Just as the provisional movement had to contend with smaller organisations such as the Real and Continuity IRA poaching their members as they walked the road of peace, existing transnational crime syndicates, called the BACRIM, are pulling FARC members into their criminal ranks to boost their drug trafficking operations.

Over the last 2 to 3 years, the basic agreement has been that the FARC sell coca base to the BACRIM and these groups supply the guerrillas with not only money but also weapons.

One of the major differences between the FARC and the Provisional IRA comes down to the massive financial resources available to the rebels. According to Jeremy McDermott, Director of Insight Crime, a Medellín-based independent research institution, they have hundreds of millions of dollars at their disposal each year.

With this kind of financial leverage, local front commanders disconnected and uncertain about the peace talks can afford to deviate from the FARC´s central command.
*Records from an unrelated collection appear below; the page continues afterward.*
text \<open>Toggling a fixed element of Z is a parity-reversing involution on Pow M.\<close>
lemma card_Pow_odd_Int:
  assumes "finite M" "Z \<subseteq> M" "Z \<noteq> {}"
  shows "2 * card {A \<in> Pow M. odd (card (A \<inter> Z))} = 2 ^ card M"
proof -
  obtain e where e: "e \<in> Z" using assms by auto
  define toggle where "toggle A = (if e \<in> A then A - {e} else insert e A)" for A
  let ?odd = "{A \<in> Pow M. odd (card (A \<inter> Z))}" and ?even = "{A \<in> Pow M. even (card (A \<inter> Z))}"
  have fin: "finite (A \<inter> Z)" for A using assms finite_subset by blast
  have parity: "odd (card (toggle A \<inter> Z)) \<longleftrightarrow> even (card (A \<inter> Z))" for A
  proof (cases "e \<in> A")
    case True
    then have "toggle A \<inter> Z = (A \<inter> Z) - {e}" by (auto simp: toggle_def)
    moreover have "card (A \<inter> Z) = Suc (card ((A \<inter> Z) - {e}))"
      using True e fin by (intro card.remove) auto
    ultimately have "card (A \<inter> Z) = Suc (card (toggle A \<inter> Z))" by simp
    then show ?thesis by simp
  next
    case False
    then have "toggle A \<inter> Z = insert e (A \<inter> Z)" using e by (auto simp: toggle_def)
    then show ?thesis using False fin by simp
  qed
  have toggle_Pow: "toggle A \<in> Pow M \<longleftrightarrow> A \<in> Pow M" for A
    using e assms(2) by (auto simp: toggle_def)
  have toggle_toggle: "toggle (toggle A) = A" for A
    by (auto simp: toggle_def)
  have "bij_betw toggle ?even ?odd"
  proof (rule bij_betwI[where g = toggle])
    show "toggle \<in> ?even \<rightarrow> ?odd"
    proof
      fix A assume "A \<in> ?even"
      then show "toggle A \<in> ?odd" using parity[of A] toggle_Pow[of A] by simp
    qed
    show "toggle \<in> ?odd \<rightarrow> ?even"
    proof
      fix A assume "A \<in> ?odd"
      then show "toggle A \<in> ?even" using parity[of "toggle A"] toggle_Pow[of A] toggle_toggle[of A] by simp
    qed
  qed (simp_all add: toggle_toggle)
  then have "card ?even = card ?odd" by (rule bij_betw_same_card)
  moreover have "card ?odd + card ?even = card (Pow M)"
    by (subst card_Un_disjoint[symmetric]) (use assms(1) in \<open>auto intro!: arg_cong[where f = card]\<close>)
  ultimately show ?thesis using assms(1) by (simp add: card_Pow)
qed

text \<open>F enumerates the subsets of M, so this is the codeword of S in the Hadamard code of
  length 2^|M|.\<close>
definition hadamard :: "nat \<Rightarrow> (nat \<Rightarrow> nat set) \<Rightarrow> nat set \<Rightarrow> point" where
  "hadamard d F S = (\<lambda>j. if j < d \<and> odd (card (F j \<inter> S)) then 1 else 0)"

lemma l1_hadamard:
  assumes F: "bij_betw F {..<d} (Pow M)" and M: "finite M"
    and S: "S \<subseteq> M" "S' \<subseteq> M" "S \<noteq> S'"
  shows "l1 d (hadamard d F S) (hadamard d F S') = real d / 2"
proof -
  let ?odd = "\<lambda>A. odd (card (A \<inter> sym_diff S S'))"
  have F_fin: "finite (F j)" if "j < d" for j
    using F that M by (auto simp: bij_betw_def intro: finite_subset)
  have coordinate: "\<bar>hadamard d F S j - hadamard d F S' j\<bar> = of_bool (?odd (F j))"
    if "j < d" for j
  proof -
    have "\<bar>hadamard d F S j - hadamard d F S' j\<bar>
        = of_bool (odd (card (F j \<inter> S)) \<noteq> odd (card (F j \<inter> S')))"
      using that by (simp add: hadamard_def)
    then show ?thesis
      by (simp only: odd_card_Int_sym_diff_iff[OF F_fin[OF that]])
  qed
  have "l1 d (hadamard d F S) (hadamard d F S') = (\<Sum>j<d. of_bool (?odd (F j)))"
    unfolding l1_def by (rule sum.cong) (simp_all add: coordinate)
  also have "\<dots> = (\<Sum>A\<in>Pow M. of_bool (?odd A))"
    by (rule sum.reindex_bij_betw[OF F])
  also have "\<dots> = real (card {A \<in> Pow M. ?odd A})"
    using M by (simp add: Collect_conj_eq Pow_def)
  finally have "l1 d (hadamard d F S) (hadamard d F S') = real (card {A \<in> Pow M. ?odd A})" .
  moreover have "2 * card {A \<in> Pow M. ?odd A} = d"
  proof -
    have "sym_diff S S' \<subseteq> M" "sym_diff S S' \<noteq> {}"
      using S by blast+
    moreover have "d = 2 ^ card M"
      using bij_betw_same_card[OF F] M by (simp add: card_Pow)
    ultimately show ?thesis
      using card_Pow_odd_Int[OF M] by presburger
  qed
  ultimately show ?thesis by linarith
qed

section \<open>The hard mixture\<close>

datatype shift = No_shift | Diag_shift bool | Axis_shift bool nat

text \<open>The constants are tuned so that each coordinate j < d of the displacement has
  E|.| = 2/q and E(.)^2 = 1/q; diag_len < 1/2 keeps a diagonal move nearer to its own mean
  than to any other 0/1 point.\<close>
definition diag_len :: real where
  "diag_len = 9 / 19"

definition diag_prob :: "real \<Rightarrow> real" where
  "diag_prob q = 361 / (90 * q)"

definition axis_prob :: "real \<Rightarrow> real" where
  "axis_prob q = 1 / (10 * q)"

fun shift_weight :: "real \<Rightarrow> nat \<Rightarrow> shift \<Rightarrow> real" where
  "shift_weight q d No_shift = 1 - diag_prob q - real d * axis_prob q"
| "shift_weight q d (Diag_shift s) = diag_prob q / 2"
| "shift_weight q d (Axis_shift s j) = (if j < d then axis_prob q / 2 else 0)"

fun displacement :: "nat \<Rightarrow> shift \<Rightarrow> point" where
  "displacement d No_shift = (\<lambda>i. 0)"
| "displacement d (Diag_shift s) = (\<lambda>i. if i < d then (if s then diag_len else - diag_len) else 0)"
| "displacement d (Axis_shift s j) = (\<lambda>i. if i = j \<and> i < d then (if s then 1 else - 1) else 0)"

fun negate_shift :: "shift \<Rightarrow> shift" where
  "negate_shift No_shift = No_shift"
| "negate_shift (Diag_shift s) = Diag_shift (\<not> s)"
| "negate_shift (Axis_shift s j) = Axis_shift (\<not> s) j"

lemma negate_shift_negate_shift [simp]: "negate_shift (negate_shift l) = l"
  by (cases l) auto

lemma displacement_negate_shift: "displacement d (negate_shift l) i = - displacement d l i"
  by (cases l) auto

lemma displacement_outside: "d \<le> i \<Longrightarrow> displacement d l i = 0"
  by (cases l) auto

lemma l1_axis_displacement: "l1 d (displacement d (Axis_shift s j)) (\<lambda>_. 0) = (if j < d then 1 else 0)"
proof -
  have "l1 d (displacement d (Axis_shift s j)) (\<lambda>_. 0) = (\<Sum>i<d. if i = j then 1 else 0)"
    unfolding l1_def by (intro sum.cong refl) auto
  then show ?thesis by simp
qed

lemma l1_diag_displacement: "l1 d (displacement d (Diag_shift s)) (\<lambda>_. 0) = real d * diag_len"
  by (simp add: l1_def diag_len_def)

definition shifts :: "nat \<Rightarrow> shift set" where
  "shifts d = insert No_shift (range Diag_shift \<union> (\<lambda>(s, j). Axis_shift s j) ` (UNIV \<times> {..<d}))"

lemma finite_shifts [simp]: "finite (shifts d)"
  by (simp add: shifts_def)

lemma No_shift_in_shifts [simp]: "No_shift \<in> shifts d"
  by (simp add: shifts_def)

lemma shift_weight_outside_shifts: "l \<notin> shifts d \<Longrightarrow> shift_weight q d l = 0"
  by (cases l) (auto simp: shifts_def)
McDermott tells us that, "The PIRA never really had much money...The FARC are awash in cash with local front commanders waiting to see which way the wind blows". One of the last questions remaining is "are they going to call themselves the Real FARC or the Continuity FARC?"

Decommissioning

In the Northern Irish case, once the decision was taken to end the armed campaign the IRA would have preferred to simply 'dump arms' - in line with its preferred response on previous occasions. However, because its political representatives were trying to get into government, decommissioning was forced upon the IRA.

The mass decommissioning of weapons meant not only that it would be difficult for the Provisional IRA to go back to violence, but this also stunted the growth of splinter groups who did not have the option to capture the arms of their predecessors and had to build from a very low base. Although there are now hundreds of volunteers in Republican splinter groups in Ireland, one of the key challenges faced by these groups has been their lack of weaponry.

"While splinter groups don't have a significant presence for now, the FARC secretariat in Havana will have made a conscious decision to store their weapon supply with their 10,000-strong underground militia networks," says Rafael Guarín, a former Colombian Vice Minister for Defence (2010-2011).

Keeping unity and order amongst these underground groups in the coming years will be very difficult. Through these groups, the FARC will without doubt hold on to their homemade explosive materials, grenades, rockets and landmines while giving up a limited supply through the official disarmament process.

With access to drug money and weapons, the threat of breakaway FARC groups must be understood now as a serious threat to Colombia´s peace process.